In most cases, the simplest solution is to follow these steps:
- Re-extract the SDC files in a new location outside of the
/homeor/rootdirectory tree - Re-create the symbolic link to target the new installation directory.
Alternately, this method can also be used:
- Move the existing SDC installation directory (using the mv command) to a new location outside the
/homeor/rootdirectory trees - Update the SELinux context for the SDC files by running the following command:
restorecon -R -v NEW_PATH(whereNEW_PATHrepresents the new installation directory path).- This is necessary because SELinux does not update the context automatically when the files are moved.
- Re-create the symbolic link to target the new installation directory.
Summary
The Failed at step EXEC / Permission denied error occurs when systemd is unable to read and/or execute the SDC_HOME/bin/streamsets script as the user defined in the unit file.
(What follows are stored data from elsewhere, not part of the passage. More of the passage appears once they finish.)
lemma pf_word_pf_insert:
  assumes "finite V" "u \<notin> V" "b \<in> parking_functions_on V" "pf_word V b \<in> extends_below u \<tau>"
  shows "pf_word (insert u V) (pf_insert u (length \<tau>) V b) = u # \<tau>"
proof -
  let ?j = "length \<tau>" and ?V = "insert u V" and ?b = "pf_insert u (length \<tau>) V b"
  have w: "take ?j (pf_word V b) = \<tau>" "?j \<le> num_blocks V b"
    "?j = num_blocks V b \<or> pf_word V b ! ?j < u"
    using assms(4) unfolding extends_below_def by (simp_all add: length_pf_word)
  have num: "num_blocks ?V ?b = Suc ?j"
    using block_pf_insert[OF assms(2)] block_nonempty[of _ V b] w(2)
    by (intro num_blocks_eqI) (auto simp: less_Suc_eq_0_disj)
  have "Max (block ?V ?b 0) = u"
  proof (cases "?j = num_blocks V b")
    case True
    then show ?thesis using block_pf_insert(1)[OF assms(2)] block_num_blocks[OF assms(1,3)] by simp
  next
    case False
    with w have "block V b ?j \<noteq> {}" "Max (block V b ?j) < u"
      using block_nonempty nth_pf_word by auto
    moreover have "finite (block V b ?j)" using assms(1) unfolding block_def by simp
    ultimately show ?thesis using block_pf_insert(1)[OF assms(2)] by simp
  qed
  then have "pf_word ?V ?b = u # map (\<lambda>i. Max (block ?V ?b (Suc i))) [0..<?j]"
    unfolding pf_word_def num by (simp add: upt_conv_Cons map_Suc_upt[symmetric] del: upt_Suc)
  also have "\<dots> = u # map (\<lambda>i. Max (block V b i)) [0..<?j]"
    using block_pf_insert(2)[OF assms(2)] by simp
  also have "\<dots> = u # \<tau>"
    using w(1,2) unfolding pf_word_def by (simp add: take_map min_def)
  finally show ?thesis .
qed

lemma pf_delete_pf_insert:
  assumes "finite V" "u \<notin> V" "b \<in> parking_functions_on V" "j \<le> num_blocks V b"
  shows "pf_delete u (insert u V) (pf_insert u j V b) = b"
proof -
  have "num_blocks (insert u V) (pf_insert u j V b) = Suc j"
    using block_pf_insert[OF assms(2)] block_nonempty[of _ V b] assms(4)
    by (intro num_blocks_eqI) (auto simp: less_Suc_eq_0_disj)
  then show ?thesis
    using assms(2) parking_functions_onD(1)[OF assms(3)]
    unfolding pf_delete_def pf_insert_def by (auto intro!: ext)
qed

lemma pf_word_ConsD:
  assumes "finite V" "b \<in> parking_functions_on V" "pf_word V b = u # \<tau>"
  shows "num_blocks V b = Suc (length \<tau>)" "u \<in> V" "b u = 0" "\<And>x. x \<in> block V b 0 \<Longrightarrow> x \<le> u"
proof -
  show num: "num_blocks V b = Suc (length \<tau>)" using assms(3) length_pf_word[of V b] by simp
  have "block V b 0 \<noteq> {}" "finite (block V b 0)" "Max (block V b 0) = u"
    using block_nonempty[of 0 V b] assms(1,3) nth_pf_word[of 0 V b] num unfolding block_def by auto
  then have "u \<in> block V b 0" "\<And>x. x \<in> block V b 0 \<Longrightarrow> x \<le> u" using Max_in Max_ge by blast+
  then show "u \<in> V" "b u = 0" "\<And>x. x \<in> block V b 0 \<Longrightarrow> x \<le> u" unfolding block_def by auto
qed

lemma block_pf_delete:
  assumes "finite V" "b \<in> parking_functions_on V" "num_blocks V b = Suc j" "b u = 0"
  shows "block (V - {u}) (pf_delete u V b) j = block V b 0 - {u}"
    "i \<noteq> j \<Longrightarrow> block (V - {u}) (pf_delete u V b) i = block V b (Suc i)"
proof -
  have "b x \<noteq> Suc j" if "x \<in> V" for x
    using block_num_blocks[OF assms(1,2)] assms(3) that unfolding block_def by auto
  then have delete_eq: "pf_delete u V b x = i \<longleftrightarrow> (if i = j then b x = 0 else b x = Suc i)"
    if "x \<in> V - {u}" for x i
    using that assms(3) unfolding pf_delete_def by (cases "b x") auto
  show "block (V - {u}) (pf_delete u V b) j = block V b 0 - {u}"
  proof (rule set_eqI)
    fix x show "x \<in> block (V - {u}) (pf_delete u V b) j \<longleftrightarrow> x \<in> block V b 0 - {u}"
      using delete_eq[of x j] unfolding block_def by auto
  qed
  show "block (V - {u}) (pf_delete u V b) i = block V b (Suc i)" if "i \<noteq> j"
  proof (rule set_eqI)
    fix x show "x \<in> block (V - {u}) (pf_delete u V b) i \<longleftrightarrow> x \<in> block V b (Suc i)"
      using delete_eq[of x i] assms(4) that unfolding block_def by (cases "x = u") auto
  qed
qed

lemma pf_delete_in_parking_functions:
  assumes fin: "finite V" and b: "b \<in> parking_functions_on V"
    and num: "num_blocks V b = Suc j" and u: "u \<in> V" "b u = 0"
  shows "pf_delete u V b \<in> parking_functions_on (V - {u})"
  unfolding parking_functions_on_def
proof (intro CollectI conjI allI impI)
  let ?b = "pf_delete u V b"
  fix x assume "x \<notin> V - {u}"
  then show "?b x = 0" unfolding pf_delete_def by auto
next
  let ?b = "pf_delete u V b"
  fix k assume k: "k \<le> card (V - {u})"
  show "k \<le> card {x\<in>V - {u}. ?b x < k}"
  proof (cases "j < k")
    case True
    then have "{x\<in>V - {u}. ?b x < k} = {x\<in>V. b x < Suc k} - {u}"
      using num unfolding pf_delete_def by auto
    moreover have "card V > 0" using fin u(1) card_gt_0_iff by blast
    with k u(1) have "Suc k \<le> card V" by simp
    then have "Suc k \<le> card {x\<in>V. b x < Suc k}" by (rule parking_functions_onD(2)[OF b])
    ultimately show ?thesis using u by (simp add: card_Diff_singleton)
  next
    case False
    then have "block (V - {u}) ?b i \<noteq> {}" if "i < k" for i
      using that block_pf_delete(2)[OF fin b num u(2), of i] block_nonempty[of "Suc i" V b] num by simp
    then show ?thesis using card_less_if_blocks_nonempty fin by blast
  qed
qed

lemma pf_word_pf_delete:
  assumes fin: "finite V" and b: "b \<in> parking_functions_on V" and word: "pf_word V b = u # \<tau>"
  shows "pf_word (V - {u}) (pf_delete u V b) \<in> extends_below u \<tau>"
proof -
  let ?j = "length \<tau>" and ?V = "V - {u}" and ?b = "pf_delete u V b"
  note u = pf_word_ConsD[OF fin b word]
  note blocks = block_pf_delete[OF fin b u(1,3)]
  have b': "?b \<in> parking_functions_on ?V" using pf_delete_in_parking_functions[OF fin b u(1-3)] .
  have nonempty: "block ?V ?b i \<noteq> {}" if "i < ?j" for i
    using that blocks(2) block_nonempty[of "Suc i" V b] u(1) by simp
  then have "\<not> num_blocks ?V ?b < ?j" using block_num_blocks[of ?V ?b] fin b' by auto
  then have le: "?j \<le> num_blocks ?V ?b" by simp
  have "\<tau> = map (\<lambda>i. Max (block V b (Suc i))) [0..<?j]"
    using word unfolding pf_word_def u(1) by (simp add: upt_conv_Cons map_Suc_upt[symmetric] comp_def del: upt_Suc)
  also have "\<dots> = take ?j (pf_word ?V ?b)"
    using le blocks(2) unfolding pf_word_def by (simp add: take_map min_def)
  finally have take: "take ?j (pf_word ?V ?b) = \<tau>" ..
  have "?j = num_blocks ?V ?b \<or> pf_word ?V ?b ! ?j < u"
  proof (cases "?j = num_blocks ?V ?b")
    case False
    with le have "?j < num_blocks ?V ?b" by simp
    then have "block V b 0 - {u} \<noteq> {}" using blocks(1) block_nonempty by metis
    moreover have "finite (block V b 0 - {u})" using fin unfolding block_def by simp
    ultimately have "Max (block V b 0 - {u}) < u" using u(4) by (metis DiffE Max_in insertI1 le_neq_implies_less)
    then show ?thesis using nth_pf_word[OF \<open>?j < num_blocks ?V ?b\<close>] blocks(1) by simp
  qed simp
  with take le show ?thesis unfolding extends_below_def by (simp add: length_pf_word)
qed

lemma pf_insert_pf_delete:
  assumes fin: "finite V" and b: "b \<in> parking_functions_on V" and word: "pf_word V b = u # \<tau>"
  shows "pf_insert u (length \<tau>) (V - {u}) (pf_delete u V b) = b"
proof
  note u = pf_word_ConsD[OF fin b word]
  fix x
  show "pf_insert u (length \<tau>) (V - {u}) (pf_delete u V b) x = b x"
  proof (cases "x \<in> V - {u}")
    case True
    have "b x \<noteq> Suc (length \<tau>)"
      using block_num_blocks[OF fin b] u(1) True unfolding block_def by auto
    with True u(1) show ?thesis unfolding pf_insert_def pf_delete_def by (cases "b x") auto
  next
    case False
    with u(3) parking_functions_onD(1)[OF b] show ?thesis unfolding pf_insert_def by auto
  qed
qed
This is usually caused by one of two problems:
- The file or directory permissions are incorrect, preventing the user from reading or executing the file.
- On systems where SELinux is enabled, the SELinux context type label is one that disallows execution as a
systemdservice (admin_home_toruser_home_t)
The error can generally be corrected by ensuring that the SDC_HOME and SDC_HOME/bin directories, as well as the SDC_HOME/bin/streamsets file, have the correct permissions, and by ensuring that (on systems where SELinux is enabled) the SDC files do not reside in the /root or /home directory trees, per the methods provided in this document.